What is needed: Copy the lines below, beginning with the one that contains "from False step.IH" and continuing through the final line, exactly as written and with no other lines.

** Opening Material for the task block **

(* Let $\kappa$ be an infinite cardinal. There exist a non-abelian group $G$ with $|G|=2^\kappa$ and a colouring $c:G\to\kappa$ such that for all non-identity elements $x,y\in G$, if $c(x)=c(y)$ then $c(x)\neq c(xy)$. *)

theory Defs
  imports "HOL-Algebra.Group" "HOL-Library.Equipollence"
begin

end

theory Submission
  imports Defs "HOL-Combinatorics.Transposition"
begin

text \<open>Regard Pow K as the elementary abelian 2-group under symmetric difference, fix t \<in> K and
an involution \<sigma> of K fixing t, and let X act on the second factor through \<sigma> exactly when
t \<in> X. This is a semidirect product of Pow (K - {t}) with the group of order two generated
by {t}; it has cardinality 2^|K| and is non-abelian once \<sigma> moves a point of K.
Colour a nonempty X by an element of X, choosing t whenever t \<in> X. If X and Y get the same
colour p, then either t lies in both, and t \<notin> XY, or t lies in neither, and XY is the
symmetric difference of X and Y; in both cases p \<notin> XY, so XY gets a different colour.
Re-embedding K into K minus a point frees one colour for the identity {}.\<close>

definition twisted_mult :: "'a \<Rightarrow> ('a \<Rightarrow> 'a) \<Rightarrow> 'a set \<Rightarrow> 'a set \<Rightarrow> 'a set" where
  "twisted_mult t \<sigma> X Y = {x. (x \<in> X) \<noteq> (if t \<in> X then \<sigma> x \<in> Y else x \<in> Y)}"

definition twisted_group :: "'a set \<Rightarrow> 'a \<Rightarrow> ('a \<Rightarrow> 'a) \<Rightarrow> 'a set monoid" where
  "twisted_group K t \<sigma> = \<lparr>carrier = Pow K, mult = twisted_mult t \<sigma>, one = {}\<rparr>"

lemma mem_twisted_mult [simp]:
  "x \<in> twisted_mult t \<sigma> X Y \<longleftrightarrow> (x \<in> X) \<noteq> (if t \<in> X then \<sigma> x \<in> Y else x \<in> Y)"
  by (simp add: twisted_mult_def)

lemma twisted_group_simps [simp]:
  "carrier (twisted_group K t \<sigma>) = Pow K"
  "mult (twisted_group K t \<sigma>) = twisted_mult t \<sigma>"
  "one (twisted_group K t \<sigma>) = {}"
  by (simp_all add: twisted_group_def)

lemma twisted_mult_assoc:
  assumes inv: "\<And>x. \<sigma> (\<sigma> x) = x" and fix_t: "\<sigma> t = t"
  shows "twisted_mult t \<sigma> (twisted_mult t \<sigma> X Y) Z = twisted_mult t \<sigma> X (twisted_mult t \<sigma> Y Z)"
  by (cases "t \<in> X"; cases "t \<in> Y") (auto simp: inv fix_t)

lemma twisted_mult_closed:
  assumes inv: "\<And>x. \<sigma> (\<sigma> x) = x" and closed: "\<sigma> ` K \<subseteq> K"
    and "X \<subseteq> K" "Y \<subseteq> K"
  shows "twisted_mult t \<sigma> X Y \<subseteq> K"
proof
  fix x assume x: "x \<in> twisted_mult t \<sigma> X Y"
  have "\<sigma> x \<in> K \<Longrightarrow> x \<in> K"
    using closed inv by (metis image_subset_iff)
  with x \<open>X \<subseteq> K\<close> \<open>Y \<subseteq> K\<close> show "x \<in> K"
    by (auto split: if_splits)
qed

lemma group_twisted_group:
  assumes inv: "\<And>x. \<sigma> (\<sigma> x) = x" and fix_t: "\<sigma> t = t" and closed: "\<sigma> ` K \<subseteq> K"
  shows "group (twisted_group K t \<sigma>)"
proof (rule groupI)
  let ?G = "twisted_group K t \<sigma>"
  show "X \<otimes>\<^bsub>?G\<^esub> Y \<in> carrier ?G" if "X \<in> carrier ?G" "Y \<in> carrier ?G" for X Y
    using that twisted_mult_closed[OF inv closed] by simp
  show "\<exists>Y\<in>carrier ?G. Y \<otimes>\<^bsub>?G\<^esub> X = \<one>\<^bsub>?G\<^esub>" if "X \<in> carrier ?G" for X
  proof
    show "(if t \<in> X then \<sigma> -` X else X) \<in> carrier ?G"
      using that closed inv by (auto simp: subset_eq) metis
    show "(if t \<in> X then \<sigma> -` X else X) \<otimes>\<^bsub>?G\<^esub> X = \<one>\<^bsub>?G\<^esub>"
      by (cases "t \<in> X") (auto simp: fix_t)
  qed
qed (simp_all add: twisted_mult_assoc[OF inv fix_t] set_eq_iff)

lemma not_comm_group_twisted_group:
  assumes inv: "\<And>x. \<sigma> (\<sigma> x) = x" and fix_t: "\<sigma> t = t"
    and "t \<in> K" "a \<in> K" and moved: "\<sigma> a \<noteq> a"
  shows "\<not> comm_group (twisted_group K t \<sigma>)"
proof
  assume "comm_group (twisted_group K t \<sigma>)"
  then have "twisted_mult t \<sigma> {t} {a} = twisted_mult t \<sigma> {a} {t}"
    using comm_monoid.m_comm[OF comm_group.axioms(1), of "twisted_group K t \<sigma>" "{t}" "{a}"]
      \<open>t \<in> K\<close> \<open>a \<in> K\<close> by simp
  moreover have "\<sigma> a \<noteq> t" "t \<noteq> a"
    using moved fix_t inv by metis+
  then have "\<sigma> a \<in> twisted_mult t \<sigma> {t} {a}" "\<sigma> a \<notin> twisted_mult t \<sigma> {a} {t}"
    using moved inv by simp_all
  ultimately show False
    by blast
qed

definition pick :: "'a \<Rightarrow> 'a set \<Rightarrow> 'a" where
  "pick t X = (if t \<in> X then t else SOME x. x \<in> X)"

lemma pick_in: "X \<noteq> {} \<Longrightarrow> pick t X \<in> X"
  by (auto simp: pick_def intro: someI)

lemma pick_notin_twisted_mult:
  assumes inv: "\<And>x. \<sigma> (\<sigma> x) = x" and fix_t: "\<sigma> t = t"
    and "X \<noteq> {}" "Y \<noteq> {}" and same: "pick t X = pick t Y"
  shows "pick t X \<notin> twisted_mult t \<sigma> X Y"
proof (cases "pick t X = t")
  case True
  then have "t \<in> X" "t \<in> Y"
    using same pick_in \<open>X \<noteq> {}\<close> \<open>Y \<noteq> {}\<close> by metis+
  with True fix_t show ?thesis
    by simp
next
  case False
  then have "t \<notin> X" "t \<notin> Y"
    using same unfolding pick_def by (auto split: if_splits)
  moreover have "pick t X \<in> X" "pick t X \<in> Y"
    using same pick_in \<open>X \<noteq> {}\<close> \<open>Y \<noteq> {}\<close> by metis+
  ultimately show ?thesis
    by simp
qed

definition pick_colouring :: "'a \<Rightarrow> ('a \<Rightarrow> 'c) \<Rightarrow> 'c \<Rightarrow> 'a set \<Rightarrow> 'c" where
  "pick_colouring t h z X = (if X = {} then z else h (pick t X))"

lemma pick_colouring_in:
  assumes "h ` K \<subseteq> C" "z \<in> C"
  shows "pick_colouring t h z \<in> Pow K \<rightarrow> C"
proof
  fix X assume "X \<in> Pow K"
  then show "pick_colouring t h z X \<in> C"
    using assms pick_in[of X t] by (auto simp: pick_colouring_def)
qed

lemma pick_colouring_twisted_mult:
  assumes inv: "\<And>x. \<sigma> (\<sigma> x) = x" and fix_t: "\<sigma> t = t" and closed: "\<sigma> ` K \<subseteq> K"
    and h: "inj_on h K" "z \<notin> h ` K"
    and X: "X \<subseteq> K" "X \<noteq> {}" and Y: "Y \<subseteq> K" "Y \<noteq> {}"
    and same: "pick_colouring t h z X = pick_colouring t h z Y"
  shows "pick_colouring t h z X \<noteq> pick_colouring t h z (twisted_mult t \<sigma> X Y)"
proof -
  have pick_X: "pick t X \<in> K"
    using pick_in[OF X(2)] X(1) by blast
  show ?thesis
  proof (cases "twisted_mult t \<sigma> X Y = {}")
    case True
    have "h (pick t X) \<noteq> z"
      using pick_X h(2) by blast
    with True X show ?thesis
      by (simp add: pick_colouring_def)
  next
    case False
    have "h (pick t X) = h (pick t Y)"
      using same X Y by (simp add: pick_colouring_def)
    then have "pick t X = pick t Y"
      using inj_onD[OF h(1)] pick_X pick_in[OF Y(2)] Y(1) by blast
    then have "pick t X \<noteq> pick t (twisted_mult t \<sigma> X Y)"
      using pick_notin_twisted_mult[OF inv fix_t X(2) Y(2)] pick_in[OF False] by metis
    moreover have "pick t (twisted_mult t \<sigma> X Y) \<in> K"
      using pick_in[OF False] twisted_mult_closed[OF inv closed X(1) Y(1)] by blast
    ultimately have "h (pick t X) \<noteq> h (pick t (twisted_mult t \<sigma> X Y))"
      using inj_on_eq_iff[OF h(1)] pick_X by blast
    with False X show ?thesis
      by (simp add: pick_colouring_def)
  qed
qed

lemma infinite_lepoll_Diff_singleton:
  assumes "infinite K"
  shows "K \<lesssim> K - {z}"
proof -
  have "insert z (K - {z}) \<approx> K - {z}"
    using assms by (intro infinite_insert_eqpoll) simp
  moreover have "K \<lesssim> insert z (K - {z})"
    by (intro subset_imp_lepoll) blast
  ultimately show ?thesis
    by (meson eqpoll_imp_lepoll lepoll_trans)
qed

theorem mainTheorem4:
  fixes K :: "'k set"
  assumes "infinite K"
  shows "\<exists>G :: 'k set monoid.
           group G \<and> \<not> comm_group G \<and> carrier G \<approx> Pow K \<and>
           (\<exists>c. c \<in> carrier G \<rightarrow> K \<and>
              (\<forall>x\<in>carrier G. \<forall>y\<in>carrier G.
                 x \<noteq> \<one>\<^bsub>G\<^esub> \<longrightarrow> y \<noteq> \<one>\<^bsub>G\<^esub> \<longrightarrow>
                 c x = c y \<longrightarrow> c x \<noteq> c (x \<otimes>\<^bsub>G\<^esub> y)))"
proof -
  obtain S where "finite S" "card S = 3" "S \<subseteq> K"
    using infinite_arbitrarily_large[OF assms] by blast
  then obtain t a b where tab: "t \<in> K" "a \<in> K" "b \<in> K" "a \<noteq> b" "t \<noteq> a" "t \<noteq> b"
    by (auto simp: card_3_iff)
  define \<sigma> where "\<sigma> = transpose a b"
  have inv: "\<sigma> (\<sigma> x) = x" for x
    by (simp add: \<sigma>_def)
  have fix_t: "\<sigma> t = t" and moved: "\<sigma> a \<noteq> a" and closed: "\<sigma> ` K \<subseteq> K"
    using tab by (auto simp: \<sigma>_def transpose_def)
  obtain h where h: "inj_on h K" "h ` K \<subseteq> K - {t}"
    using infinite_lepoll_Diff_singleton[OF assms, of t] unfolding lepoll_def by blast
  then have h_into: "h ` K \<subseteq> K" and h_avoid: "t \<notin> h ` K"
    by blast+
  let ?G = "twisted_group K t \<sigma>" and ?c = "pick_colouring t h t"
  show ?thesis
  proof (intro exI[of _ ?G] exI[of _ ?c] conjI)
    show "group ?G"
      using inv fix_t closed by (rule group_twisted_group)
    show "\<not> comm_group ?G"
      using inv fix_t tab(1,2) moved by (rule not_comm_group_twisted_group)
    show "carrier ?G \<approx> Pow K"
      by (simp add: eqpoll_refl)
    show "?c \<in> carrier ?G \<rightarrow> K"
      using pick_colouring_in[OF h_into tab(1)] by simp
    show "\<forall>X\<in>carrier ?G. \<forall>Y\<in>carrier ?G. X \<noteq> \<one>\<^bsub>?G\<^esub> \<longrightarrow> Y \<noteq> \<one>\<^bsub>?G\<^esub> \<longrightarrow>
        ?c X = ?c Y \<longrightarrow> ?c X \<noteq> ?c (X \<otimes>\<^bsub>?G\<^esub> Y)"
      using pick_colouring_twisted_mult[OF inv fix_t closed h(1) h_avoid] by simp
  qed
qed

end
(* For every finite simple digraph $G$, ${\sf dgw}(G) \leq {\sf circ}(G) + 1$, where ${\sf dgw}(G)$ is the DAG-width of $G$ and ${\sf circ}(G)$ is its circumference.
   Context: All digraphs are finite and simple (no loops, no multiple arcs). The circumference ${\sf circ}(G)$ of a digraph $G$ is the length (number of arcs) of a longest simple directed cycle in $G$; if $G$ is acyclic (a DAG), ${\sf circ}(G)$ is defined to be $1$. For a DAG $T$ and distinct nodes $i,j$, write $i\prec j$ if there is a directed walk in $T$ from $i$ to $j$, and $i\preceq j$ if $i=j$ or $i\prec j$; a root is a node with no incoming arcs. Given sets $X_i$ for nodes $i$, let $X_{\succeq j}=\bigcup_{k\succeq j}X_k$. For $W,X\subseteq V(G)$, $X$ guards $W$ if $W\cap X=\emptyset$ and for every arc $(u,v)$ of $G$ with $u\in W$ we have $v\in W\cup X$. A DAG-decomposition of $G$ is a pair $(T,(X_i)_{i\in V(T)})$ where $T$ is a DAG and each $X_i\subseteq V(G)$, such that: (1) $\bigcup_{i}X_i=V(G)$; (2) for all nodes $i,j,k$ of $T$ with $i\preceq j\preceq k$, $X_i\cap X_k\subseteq X_j$; (3) for every arc $(i,j)$ of $T$, $X_i\cap X_j$ guards $X_{\succeq j}\setminus X_i$, and for every root $r$ of $T$, $X_{\succeq r}$ is guarded by $\emptyset$. Its width is $\max_i |X_i|$, and the DAG-width ${\sf dgw}(G)$ is the minimum width of a DAG-decomposition of $G$. *)

theory Defs
  imports Main
begin

text \<open>A finite simple digraph: finite vertex set V, arc relation E \<subseteq> V \<times> V, no loops.
  (Multiple arcs are impossible since E is a set of pairs.)\<close>
definition simple_digraph :: "'a set \<Rightarrow> ('a \<times> 'a) set \<Rightarrow> bool" where
  "simple_digraph V E \<longleftrightarrow> finite V \<and> E \<subseteq> V \<times> V \<and> (\<forall>v. (v, v) \<notin> E)"

text \<open>A simple directed cycle, given as the list of its distinct vertices
  v_0,...,v_{k-1} (k \<ge> 2) with arcs v_i \<rightarrow> v_{i+1 mod k}. Its length (number of arcs) is k.\<close>
definition is_dicycle :: "('a \<times> 'a) set \<Rightarrow> 'a list \<Rightarrow> bool" where
  "is_dicycle E cs \<longleftrightarrow> length cs \<ge> 2 \<and> distinct cs \<and>
     (\<forall>i < length cs. (cs ! i, cs ! (Suc i mod length cs)) \<in> E)"

definition circ :: "'a set \<Rightarrow> ('a \<times> 'a) set \<Rightarrow> nat" where
  "circ V E = (if \<exists>cs. is_dicycle E cs then Max {length cs | cs. is_dicycle E cs} else 1)"

definition dprec :: "('b \<times> 'b) set \<Rightarrow> 'b \<Rightarrow> 'b \<Rightarrow> bool" where
  "dprec A i j \<longleftrightarrow> (i, j) \<in> A\<^sup>+"

definition dpreceq :: "('b \<times> 'b) set \<Rightarrow> 'b \<Rightarrow> 'b \<Rightarrow> bool" where
  "dpreceq A i j \<longleftrightarrow> i = j \<or> dprec A i j"

definition Xsucceq :: "'b set \<Rightarrow> ('b \<times> 'b) set \<Rightarrow> ('b \<Rightarrow> 'a set) \<Rightarrow> 'b \<Rightarrow> 'a set" where
  "Xsucceq N A X j = (\<Union>k \<in> {k \<in> N. dpreceq A j k}. X k)"

definition guards :: "('a \<times> 'a) set \<Rightarrow> 'a set \<Rightarrow> 'a set \<Rightarrow> bool" where
  "guards E X W \<longleftrightarrow> W \<inter> X = {} \<and> (\<forall>u v. (u, v) \<in> E \<longrightarrow> u \<in> W \<longrightarrow> v \<in> W \<union> X)"

definition is_root :: "'b set \<Rightarrow> ('b \<times> 'b) set \<Rightarrow> 'b \<Rightarrow> bool" where
  "is_root N A r \<longleftrightarrow> r \<in> N \<and> (\<forall>i. (i, r) \<notin> A)"

definition dag_decomposition ::
  "'a set \<Rightarrow> ('a \<times> 'a) set \<Rightarrow> 'b set \<Rightarrow> ('b \<times> 'b) set \<Rightarrow> ('b \<Rightarrow> 'a set) \<Rightarrow> bool" where
  "dag_decomposition V E N A X \<longleftrightarrow>
     finite N \<and> A \<subseteq> N \<times> N \<and> acyclic A \<and>
     (\<forall>i \<in> N. X i \<subseteq> V) \<and>
     (\<Union>i \<in> N. X i) = V \<and>
     (\<forall>i \<in> N. \<forall>j \<in> N. \<forall>k \<in> N. dpreceq A i j \<and> dpreceq A j k \<longrightarrow> X i \<inter> X k \<subseteq> X j) \<and>
     (\<forall>(i, j) \<in> A. guards E (X i \<inter> X j) (Xsucceq N A X j - X i)) \<and>
     (\<forall>r. is_root N A r \<longrightarrow> guards E {} (Xsucceq N A X r))"

definition dd_width :: "'b set \<Rightarrow> ('b \<Rightarrow> 'a set) \<Rightarrow> nat" where
  "dd_width N X = Max (insert 0 ((\<lambda>i. card (X i)) ` N))"

text \<open>DAG-width: minimum width of a DAG-decomposition. Nodes of T are taken from nat
  (every finite DAG is isomorphic to one on natural numbers).\<close>
definition dgw :: "'a set \<Rightarrow> ('a \<times> 'a) set \<Rightarrow> nat" where
  "dgw V E = (LEAST k. \<exists>(N :: nat set) A X. dag_decomposition V E N A X \<and> dd_width N X = k)"

end

theory Submission
  imports Defs
begin

text \<open>Fix a depth-first search forest of the digraph. The region of a vertex \<open>v\<close> is the set of
  vertices reachable from \<open>v\<close> by a walk avoiding the proper tree ancestors of \<open>v\<close>, and its
  boundary is the set of out-neighbours of the region outside it; by the DFS property the boundary
  consists of ancestors of \<open>v\<close>. The bags \<open>{v} \<union> boundary v\<close>, with an arc from \<open>v\<close> to \<open>w\<close>
  whenever \<open>w\<close> lies in the region of \<open>v\<close> and \<open>boundary w \<subseteq> {v} \<union> boundary v\<close>, form a
  DAG-decomposition whose reachability order is containment of regions. If \<open>u\<close> is the topmost
  ancestor of \<open>v\<close> in the boundary of \<open>v\<close>, the tree path from \<open>u\<close> down to \<open>v\<close> followed by a walk
  inside the region of \<open>v\<close> back to \<open>u\<close> is a directed cycle through the whole bag of \<open>v\<close>, so no
  bag has more than \<open>circ V E\<close> vertices.\<close>

section \<open>Walks and cycles\<close>

abbreviation is_walk :: "('a \<times> 'a) set \<Rightarrow> 'a list \<Rightarrow> bool" where
  "is_walk E \<equiv> successively (\<lambda>x y. (x, y) \<in> E)"

lemma walk_imp_rtrancl_Restr:
  assumes "is_walk E xs" "xs \<noteq> []" "set xs \<subseteq> U"
  shows "(hd xs, last xs) \<in> (Restr E U)\<^sup>*"
  using assms
proof (induction xs)
  case (Cons x xs)
  show ?case
  proof (cases "xs = []")
    case False
    then have "(x, hd xs) \<in> Restr E U" "(hd xs, last xs) \<in> (Restr E U)\<^sup>*"
      using Cons by (auto simp: successively_Cons)
    then show ?thesis
      using False by (auto intro: converse_rtrancl_into_rtrancl)
  qed simp
qed simp

lemma rtrancl_Restr_imp_path:
  assumes "(a, b) \<in> (Restr E U)\<^sup>*" "a \<in> U"
  shows "\<exists>xs. is_walk E xs \<and> distinct xs \<and> set xs \<subseteq> U \<and> xs \<noteq> [] \<and> hd xs = a \<and> last xs = b"
  using assms(1)
proof (induction rule: rtrancl_induct)
  case base
  then show ?case using assms(2) by (intro exI[of _ "[a]"]) auto
next
  case (step y z)
  then obtain xs where xs: "is_walk E xs" "distinct xs" "set xs \<subseteq> U" "xs \<noteq> []" "hd xs = a" "last xs = y"
    by blast
  show ?case
  proof (cases "z \<in> set xs")
    case True
    then obtain p q where pq: "xs = p @ z # q" by (meson split_list)
    then have "is_walk E (p @ [z])" "hd (p @ [z]) = a"
      using xs(1,5) successively_append_iff[of _ "p @ [z]" q] by (auto simp: hd_append)
    then show ?thesis using xs pq by (intro exI[of _ "p @ [z]"]) auto
  next
    case False
    have "is_walk E (xs @ [z])"
      using xs step(2) by (auto simp: successively_append_iff)
    then show ?thesis using xs False step(2) by (intro exI[of _ "xs @ [z]"]) auto
  qed
qed

lemma closed_walk_is_dicycle:
  assumes "is_walk E cs" "distinct cs" "2 \<le> length cs" "(last cs, hd cs) \<in> E"
  shows "is_dicycle E cs"
  unfolding is_dicycle_def
proof (intro conjI allI impI)
  fix i assume i: "i < length cs"
  show "(cs ! i, cs ! (Suc i mod length cs)) \<in> E"
  proof (cases "Suc i < length cs")
    case True
    then show ?thesis using successively_nth[OF assms(1) True] by simp
  next
    case False
    with i have "i = length cs - 1" "Suc i = length cs" by simp_all
    moreover have "cs \<noteq> []" using assms(3) by auto
    ultimately have "cs ! i = last cs" "cs ! (Suc i mod length cs) = hd cs"
      by (simp_all add: last_conv_nth hd_conv_nth)
    then show ?thesis using assms(4) by simp
  qed
qed (use assms in auto)

lemma dicycle_subset:
  assumes "E \<subseteq> V \<times> V" "is_dicycle E cs"
  shows "set cs \<subseteq> V"
proof
  fix x assume "x \<in> set cs"
  then obtain i where "i < length cs" "x = cs ! i" by (metis in_set_conv_nth)
  with assms show "x \<in> V" unfolding is_dicycle_def by blast
qed

lemma dicycle_length_le_circ:
  assumes "finite V" "E \<subseteq> V \<times> V" "is_dicycle E cs"
  shows "length cs \<le> circ V E"
proof -
  have "{length cs | cs. is_dicycle E cs} \<subseteq> {..card V}"
  proof
    fix n assume "n \<in> {length cs | cs. is_dicycle E cs}"
    then obtain cs where cs: "n = length cs" "is_dicycle E cs" by blast
    then have "n = card (set cs)" unfolding is_dicycle_def by (simp add: distinct_card)
    also have "\<dots> \<le> card V" using dicycle_subset[OF assms(2) cs(2)] assms(1) by (simp add: card_mono)
    finally show "n \<in> {..card V}" by simp
  qed
  then have "finite {length cs | cs. is_dicycle E cs}" by (rule finite_subset) simp
  then show ?thesis using assms(3) unfolding circ_def by (auto intro: Max_ge)
qed

lemma circ_ge_1:
  assumes "finite V" "E \<subseteq> V \<times> V"
  shows "1 \<le> circ V E"
proof (cases "\<exists>cs. is_dicycle E cs")
  case True
  then obtain cs where "is_dicycle E cs" by blast
  then have "2 \<le> length cs" "length cs \<le> circ V E"
    using dicycle_length_le_circ[OF assms] unfolding is_dicycle_def by auto
  then show ?thesis by simp
qed (simp add: circ_def)

lemma rtrancl_Restr_in:
  "(a, b) \<in> (Restr E V)\<^sup>* \<Longrightarrow> a \<in> V \<Longrightarrow> b \<in> V"
  by (induction rule: rtrancl_induct) auto

lemma Image_rtrancl_Restr_from_successors:
  fixes E :: "('a \<times> 'a) set" and V :: "'a set" and s :: 'a
  defines "T \<equiv> (Restr E V)\<^sup>* `` {s} - {s}"
  shows "T \<subseteq> (Restr E T)\<^sup>* `` {n \<in> T. (s, n) \<in> E}"
proof
  fix x assume "x \<in> T"
  then have "(s, x) \<in> (Restr E V)\<^sup>*" "x \<noteq> s" unfolding T_def by auto
  then show "x \<in> (Restr E T)\<^sup>* `` {n \<in> T. (s, n) \<in> E}"
  proof (induction rule: rtrancl_induct)
    case (step y z)
    have "(s, z) \<in> (Restr E V)\<^sup>*" using step(1,2) by (rule rtrancl_into_rtrancl)
    with step.prems have "z \<in> T" unfolding T_def by simp
    show ?case
    proof (cases "y = s")
      case True
      with step(2) \<open>z \<in> T\<close> have "z \<in> {n \<in> T. (s, n) \<in> E}" by simp
      then show ?thesis by (rule ImageI[OF rtrancl_refl])
    next
      case False
      with step(1) have "y \<in> T" unfolding T_def by simp
      from False step.IH obtain n where "n \<in> {n \<in> T. (s, n) \<in> E}" "(n, y) \<in> (Restr E T)\<^sup>*"
        by blast
      moreover have "(y, z) \<in> Restr E T" using step(2) \<open>y \<in> T\<close> \<open>z \<in> T\<close> by simp
      ultimately show ?thesis by (meson ImageI rtrancl_into_rtrancl)
    qed
  qed simp
qed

** Closing Material for the task block **

Response below:
      from False step.IH obtain n where "n \<in> {n \<in> T. (s, n) \<in> E}" "(n, y) \<in> (Restr E T)\<^sup>*"
        by blast
      moreover have "(y, z) \<in> Restr E T" using step(2) \<open>y \<in> T\<close> \<open>z \<in> T\<close> by simp
      ultimately show ?thesis by (meson ImageI rtrancl_into_rtrancl)
    qed
  qed simp
qed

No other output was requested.